Kami percaya bahwa ketika pengguna menggunakan Dapps di masa depan, mereka tidak perlu mengetahui di blockchain mana mereka diterapkan. Hal ini serupa dengan bagaimana pengguna tidak perlu mengetahui apakah mereka dihosting di Amazon Web Services atau Google saat menggunakan Instagram, Tiktok , dan Google di dunia Web2. Lapisan dasar yang dikembangkan oleh LayerZero berharap dapat mewujudkan visi interoperabilitas yang sebenarnya dan menghubungkan semua Lapisan 1, baik itu ekosistem EVM, ekosistem IBC, atau ekosistem lainnya. Pengguna tidak lagi merasa terganggu dengan apakah protokol mainstream seperti Aave dan Compound mendukung rantai tertentu.
TLDR: Multi-rantai hanyalah permulaan, kami berharap dapat mewujudkan visi interoperabilitas rantai penuh bersama dengan LayerZero.
Pengantar LayerZero

LayerZero adalah protokol dasar universal untuk komunikasi informasi data. Ini mengirimkan informasi dalam rantai dengan cara yang aman dan sederhana untuk mencapai komunikasi lintas rantai antar aplikasi. Dengan menerapkan “LayerZero Endpoints” (yang merupakan klien ringan yang terdiri dari kontrak pintar dengan kemampuan komunikasi, verifikasi, dan jaringan) pada rantai yang sesuai, pengguna dapat mencapai komunikasi lintas rantai dalam satu transaksi yang tidak dapat dipercaya dan aman.
LayerZero menggunakan Oracles (saat ini Chainlink) dan Relayers untuk mengkomunikasikan informasi antara Titik Akhir LayerZero pada rantai target. Perlu dicatat bahwa subjek apa pun dapat mengambil peran Oracle dan Relayer. Titik awal desain ini adalah independen, terbuka, dan bebas izin.
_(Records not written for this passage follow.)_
lemma projQ_singleton_mult_col:
  assumes B: "B \<in> carrier_mat n dB" and i: "i < dB"
  shows "projQ B {i} *\<^sub>v col B i = 0\<^sub>v n"
proof -
  have b: "col B i \<in> carrier_vec n" using B i by simp
  show ?thesis
  proof (cases "col B i \<bullet> col B i = 0")
    case True
    then have "col B i = 0\<^sub>v n" using scalar_prod_self_eq_0_iff[OF b] by simp
    then show ?thesis using projQ_singleton_carrier[OF B i] by (intro eq_vecI) auto
  next
    case False
    then show ?thesis using projQ_singleton_mult_vec[OF B i b] b by simp
  qed
qed

lemma gram_mat_carrier:
  assumes "B \<in> carrier_mat n m" and "S \<subseteq> {..<m}"
  shows "gram_mat B S \<in> carrier_mat (card S) (card S)"
  unfolding gram_mat_def using colsub_carrier[OF assms] by simp

lemma index_gram_mat:
  assumes B: "B \<in> carrier_mat n m" and S: "S \<subseteq> {..<m}" and a: "a < card S" and c: "c < card S"
  shows "gram_mat B S $$ (a, c) = col B (pick S a) \<bullet> col B (pick S c)"
proof -
  have cS: "card {j. j < dim_col B \<and> j \<in> S} = card S"
    using carrier_matD(2)[OF colsub_carrier[OF B S]] by simp
  have "gram_mat B S $$ (a, c) = col (colsub B S) a \<bullet> col (colsub B S) c"
    unfolding gram_mat_def using a c cS by (simp add: row_transpose)
  then show ?thesis using a c cS by (simp add: col_colsub)
qed

lemma gram_eq_0_if_zero_col:
  assumes B: "B \<in> carrier_mat n m" and S: "S \<subseteq> {..<m}" and j: "j \<in> S" and z: "col B j = 0\<^sub>v n"
  shows "gram B S = 0"
proof -
  define q where "q = card {x\<in>S. x < j}"
  have fin: "finite S" using S finite_subset by blast
  have q: "q < card S" unfolding q_def using j fin by (intro psubset_card_mono) auto
  have pick: "pick S q = j" unfolding q_def by (rule pick_card_in_set[OF j])
  have "gram_mat B S $$ (r, q) = 0" if r: "r < card S" for r
  proof -
    have "pick S r \<in> S" using r by (intro pick_in_set) simp
    then have "col B (pick S r) \<in> carrier_vec n" using B S by auto
    then show ?thesis using index_gram_mat[OF B S r q] z pick by simp
  qed
  then show ?thesis
    unfolding gram_def using laplace_expansion_column[OF gram_mat_carrier[OF B S] q] by simp
qed

lemma pick_Diff_singleton:
  assumes fin: "finite T" and i: "i \<in> T" and a: "a < card T - 1"
  shows "pick (T - {i}) a = pick T (insert_index (card {x\<in>T. x < i}) a)"
proof -
  define p where "p = card {x\<in>T. x < i}"
  define q where "q = insert_index p a"
  have q: "q < card T" using a unfolding q_def insert_index_def by auto
  define j where "j = pick T q"
  have jT: "j \<in> T" unfolding j_def using q by (intro pick_in_set) simp
  have cj: "card {x\<in>T. x < j} = q" unfolding j_def using q by (intro card_pick) simp
  have qp: "q \<noteq> p" unfolding q_def insert_index_def by auto
  then have ji: "j \<noteq> i" using cj unfolding p_def by auto
  have "card {x\<in>T - {i}. x < j} = a"
  proof (cases "i < j")
    case True
    have "{x\<in>T. x < i} \<subset> {x\<in>T. x < j}" using True jT i by auto
    then have "p < q" unfolding p_def cj[symmetric] using fin by (intro psubset_card_mono) auto
    moreover have "{x\<in>T - {i}. x < j} = {x\<in>T. x < j} - {i}" by auto
    then have "card {x\<in>T - {i}. x < j} = q - 1" using True i fin cj by simp
    ultimately show ?thesis unfolding q_def insert_index_def by (auto split: if_splits)
  next
    case False
    then have ji': "j < i" using ji by auto
    then have "{x\<in>T. x < j} \<subset> {x\<in>T. x < i}" using jT by auto
    then have "q < p" unfolding p_def cj[symmetric] using fin by (intro psubset_card_mono) auto
    moreover have "{x\<in>T - {i}. x < j} = {x\<in>T. x < j}" using ji' by auto
    ultimately show ?thesis using cj qp unfolding q_def insert_index_def by (auto split: if_splits)
  qed
  then have "pick (T - {i}) a = pick (T - {i}) (card {x\<in>T - {i}. x < j})" by simp
  also have "\<dots> = j" using jT ji by (intro pick_card_in_set) auto
  finally show ?thesis unfolding j_def q_def p_def .
qed

definition schur_complement :: "'a :: field mat \<Rightarrow> nat \<Rightarrow> 'a mat" where
  "schur_complement G p = mat (dim_row G - 1) (dim_col G - 1) (\<lambda>(a, c).
     G $$ (insert_index p a, insert_index p c) -
     G $$ (insert_index p a, p) * G $$ (p, insert_index p c) / G $$ (p, p))"

lemma index_mat_delete:
  "a < dim_row A - 1 \<Longrightarrow> c < dim_col A - 1 \<Longrightarrow>
   mat_delete A p q $$ (a, c) = A $$ (insert_index p a, insert_index q c)"
  unfolding mat_delete_def insert_index_def by simp

lemma det_column_update_one_mat:
  fixes f :: "nat \<Rightarrow> 'a :: comm_ring_1"
  assumes p: "p < k"
  shows "det (mat k k (\<lambda>(r, c). if r = c then 1 else if c = p then f r else 0)) = 1"
proof -
  define L where "L = mat k k (\<lambda>(r, c). if r = c then 1 else if c = p then f r else 0)"
  have L: "L \<in> carrier_mat k k" unfolding L_def by simp
  have "det L = (\<Sum>j<k. L $$ (p, j) * cofactor L p j)" by (rule laplace_expansion_row[OF L p])
  also have "\<dots> = (\<Sum>j<k. if j = p then cofactor L p p else 0)"
    by (rule sum.cong) (auto simp: L_def p)
  also have "\<dots> = det (mat_delete L p p)" using p by (simp add: cofactor_def)
  also have "mat_delete L p p = 1\<^sub>m (k - 1)"
  proof (rule eq_matI)
    fix a c assume "a < dim_row (1\<^sub>m (k - 1))" "c < dim_col (1\<^sub>m (k - 1))"
    then have a: "a < k - 1" and c: "c < k - 1" by auto
    have "(insert_index p a = insert_index p c) = (a = c)" "insert_index p c \<noteq> p"
      by (auto simp: insert_index_def)
    then show "mat_delete L p p $$ (a, c) = 1\<^sub>m (k - 1) $$ (a, c)"
      using a c p L by (simp add: index_mat_delete L_def insert_index_def)
  qed (use L in simp_all)
  finally show ?thesis unfolding L_def by simp
qed

text \<open>Subtracting multiples of row p from the other rows clears column p except for the pivot,
  and what remains after deleting row and column p is the Schur complement.\<close>
lemma det_schur_complement:
  fixes G :: "'a :: field mat"
  assumes G: "G \<in> carrier_mat k k" and p: "p < k" and pivot: "G $$ (p, p) \<noteq> 0"
  shows "det G = G $$ (p, p) * det (schur_complement G p)"
proof -
  define \<beta> where "\<beta> = G $$ (p, p)"
  define L where "L = mat k k (\<lambda>(r, c). if r = c then 1 else if c = p then - G $$ (r, p) / \<beta> else 0)"
  have L: "L \<in> carrier_mat k k" unfolding L_def by simp
  have ins: "insert_index p a < k" "insert_index p a \<noteq> p" if "a < k - 1" for a
    using that p by (auto simp: insert_index_def)
  have "det L = 1" unfolding L_def by (rule det_column_update_one_mat[OF p])
  define H where "H = L * G"
  have H: "H \<in> carrier_mat k k" unfolding H_def using L G by simp
  have detH: "det H = det G" unfolding H_def det_mult[OF L G] \<open>det L = 1\<close> by simp
  have indexH: "H $$ (r, c) = G $$ (r, c) - (if r = p then 0 else G $$ (r, p) / \<beta> * G $$ (p, c))"
    if r: "r < k" and c: "c < k" for r c
  proof -
    have "H $$ (r, c) = (\<Sum>l<k. L $$ (r, l) * G $$ (l, c))"
      unfolding H_def using r c L G by (simp add: scalar_prod_def atLeast0LessThan)
    also have "\<dots> = (\<Sum>l<k. (if l = r then G $$ (r, c) else 0) +
        (if l = p \<and> r \<noteq> p then - G $$ (r, p) / \<beta> * G $$ (p, c) else 0))"
      by (rule sum.cong) (auto simp: L_def r)
    also have "\<dots> = G $$ (r, c) - (if r = p then 0 else G $$ (r, p) / \<beta> * G $$ (p, c))"
      using r p by (simp add: sum.distrib)
    finally show ?thesis .
  qed
  have "det H = (\<Sum>r<k. H $$ (r, p) * cofactor H r p)" by (rule laplace_expansion_column[OF H p])
  also have "\<dots> = (\<Sum>r<k. if r = p then \<beta> * cofactor H p p else 0)"
    using pivot by (intro sum.cong) (auto simp: indexH p \<beta>_def)
  also have "\<dots> = \<beta> * cofactor H p p" using p by simp
  also have "cofactor H p p = det (schur_complement G p)"
  proof -
    have "mat_delete H p p = schur_complement G p"
    proof (rule eq_matI)
      fix a c assume "a < dim_row (schur_complement G p)" "c < dim_col (schur_complement G p)"
      then have a: "a < k - 1" and c: "c < k - 1" using G by (auto simp: schur_complement_def)
      show "mat_delete H p p $$ (a, c) = schur_complement G p $$ (a, c)"
        using a c ins[OF a] ins[OF c] H G
        by (simp add: index_mat_delete indexH schur_complement_def \<beta>_def)
    qed (use H G in \<open>simp_all add: schur_complement_def\<close>)
    then show ?thesis by (simp add: cofactor_def)
  qed
  finally show ?thesis using detH unfolding \<beta>_def by simp
qed

lemma scalar_prod_rejections:
  fixes u w b :: "real vec"
  assumes u: "u \<in> carrier_vec n" and w: "w \<in> carrier_vec n" and b: "b \<in> carrier_vec n"
    and nz: "b \<bullet> b \<noteq> 0"
  shows "(u - ((b \<bullet> u) / (b \<bullet> b)) \<cdot>\<^sub>v b) \<bullet> (w - ((b \<bullet> w) / (b \<bullet> b)) \<cdot>\<^sub>v b) =
    u \<bullet> w - (b \<bullet> u) * (b \<bullet> w) / (b \<bullet> b)"
proof -
  define x where "x = (b \<bullet> u) / (b \<bullet> b)"
  define y where "y = (b \<bullet> w) / (b \<bullet> b)"
  have "(u - x \<cdot>\<^sub>v b) \<bullet> (w - y \<cdot>\<^sub>v b) = u \<bullet> w - y * (u \<bullet> b) - x * (b \<bullet> w) + x * y * (b \<bullet> b)"
    using u w b by (simp add: minus_scalar_prod_distrib scalar_prod_minus_distrib algebra_simps)
  also have "\<dots> = u \<bullet> w - (b \<bullet> u) * (b \<bullet> w) / (b \<bullet> b)"
    unfolding x_def y_def using nz comm_scalar_prod[OF u b] by (simp add: field_simps)
  finally show ?thesis unfolding x_def y_def .
qed

section \<open>Removing one column\<close>

lemma gram_mat_projQ_singleton:
  assumes B: "B \<in> carrier_mat n dB" and T: "T \<subseteq> {..<dB}" and i: "i \<in> T"
    and nz: "col B i \<bullet> col B i \<noteq> 0"
  shows "gram_mat (projQ B {i} * B) (T - {i}) = schur_complement (gram_mat B T) (card {x\<in>T. x < i})"
proof -
  define p where "p = card {x\<in>T. x < i}"
  define G where "G = gram_mat B T"
  define Q where "Q = projQ B {i}"
  have fin: "finite T" using T finite_subset by blast
  have i_lt: "i < dB" using T i by auto
  have p: "p < card T" unfolding p_def using i fin by (intro psubset_card_mono) auto
  have pick_p: "pick T p = i" unfolding p_def by (rule pick_card_in_set[OF i])
  have G: "G \<in> carrier_mat (card T) (card T)" unfolding G_def by (rule gram_mat_carrier[OF B T])
  have QB: "Q * B \<in> carrier_mat n dB" unfolding Q_def using projQ_singleton_carrier[OF B i_lt] B by simp
  have T': "T - {i} \<subseteq> {..<dB}" using T by auto
  have cT': "card (T - {i}) = card T - 1" using fin i by simp
  have pick_lt: "pick T a < dB" if "a < card T" for a
    using pick_in_set[of a T] that T by auto
  have col_QB: "col (Q * B) j = Q *\<^sub>v col B j" if "j < dB" for j
    using that B by (simp add: col_mult_mat)
  have b: "col B i \<in> carrier_vec n" using B i_lt by simp
  show ?thesis
    unfolding Q_def[symmetric] G_def[symmetric] p_def[symmetric]
  proof (rule eq_matI)
    fix a c assume "a < dim_row (schur_complement G p)" "c < dim_col (schur_complement G p)"
    then have a: "a < card T - 1" and c: "c < card T - 1" using G by (auto simp: schur_complement_def)
    define a' c' where "a' = insert_index p a" and "c' = insert_index p c"
    have a': "a' < card T" and c': "c' < card T" using a c unfolding a'_def c'_def insert_index_def by auto
    define u w where "u = col B (pick T a')" and "w = col B (pick T c')"
    have u: "u \<in> carrier_vec n" and w: "w \<in> carrier_vec n"
      unfolding u_def w_def using B pick_lt a' c' by auto
    have "gram_mat (Q * B) (T - {i}) $$ (a, c) = col (Q * B) (pick (T - {i}) a) \<bullet> col (Q * B) (pick (T - {i}) c)"
      using a c cT' by (intro index_gram_mat[OF QB T']) auto
    also have "\<dots> = (Q *\<^sub>v u) \<bullet> (Q *\<^sub>v w)"
      using pick_Diff_singleton[OF fin i] a c col_QB pick_lt a' c'
      unfolding u_def w_def a'_def c'_def p_def by simp
    also have "\<dots> = u \<bullet> w - (col B i \<bullet> u) * (col B i \<bullet> w) / (col B i \<bullet> col B i)"
      unfolding Q_def projQ_singleton_mult_vec[OF B i_lt u] projQ_singleton_mult_vec[OF B i_lt w]
      by (rule scalar_prod_rejections[OF u w b nz])
    also have "\<dots> = G $$ (a', c') - G $$ (a', p) * G $$ (p, c') / G $$ (p, p)"
      using index_gram_mat[OF B T] a' c' p pick_p comm_scalar_prod[OF u b]
      unfolding G_def u_def w_def by simp
    also have "\<dots> = schur_complement G p $$ (a, c)"
      using a c G unfolding a'_def c'_def schur_complement_def by simp
    finally show "gram_mat (Q * B) (T - {i}) $$ (a, c) = schur_complement G p $$ (a, c)" .
  qed (use G gram_mat_carrier[OF QB T'] cT' in \<open>simp_all add: schur_complement_def\<close>)
qed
Oracle menerbitkan header blok pada rantai sumber ke rantai target, dan Relayer menerbitkan data transaksi dan memverifikasi bukti transaksi Oracle dan Relayer tetap independen.
kemungkinan yang tak terbatas
Pesona arsitektur LayerZero adalah memungkinkan pengguna dan pengembang melakukan apa pun yang mereka inginkan di seluruh rantai melalui kontrak pintar, baik itu transaksi, aset lintas rantai, transfer NFT, game, jejaring sosial, dll. Berikut ini adalah analisis kasus penggunaan LayerZero dalam beberapa skenario aplikasi.
Menjembatani & Perdagangan
Model lintas rantai aset yang umum adalah mekanisme Lock-Mint yang mudah diterapkan. Kerugian terbesar dari jenis teknologi lintas rantai ini adalah ia tidak dapat mengirim aset asli pada rantai yang berbeda, dan sebagian besar bergantung pada enkapsulasi aset perantara. Solusi lintas rantai jenis ini juga memiliki beberapa masalah dalam aplikasi praktisnya, seperti kurangnya likuiditas, slippage yang tinggi, biaya yang tinggi, waktu tunggu yang lama, dll., dan pengalaman pengguna yang tidak baik.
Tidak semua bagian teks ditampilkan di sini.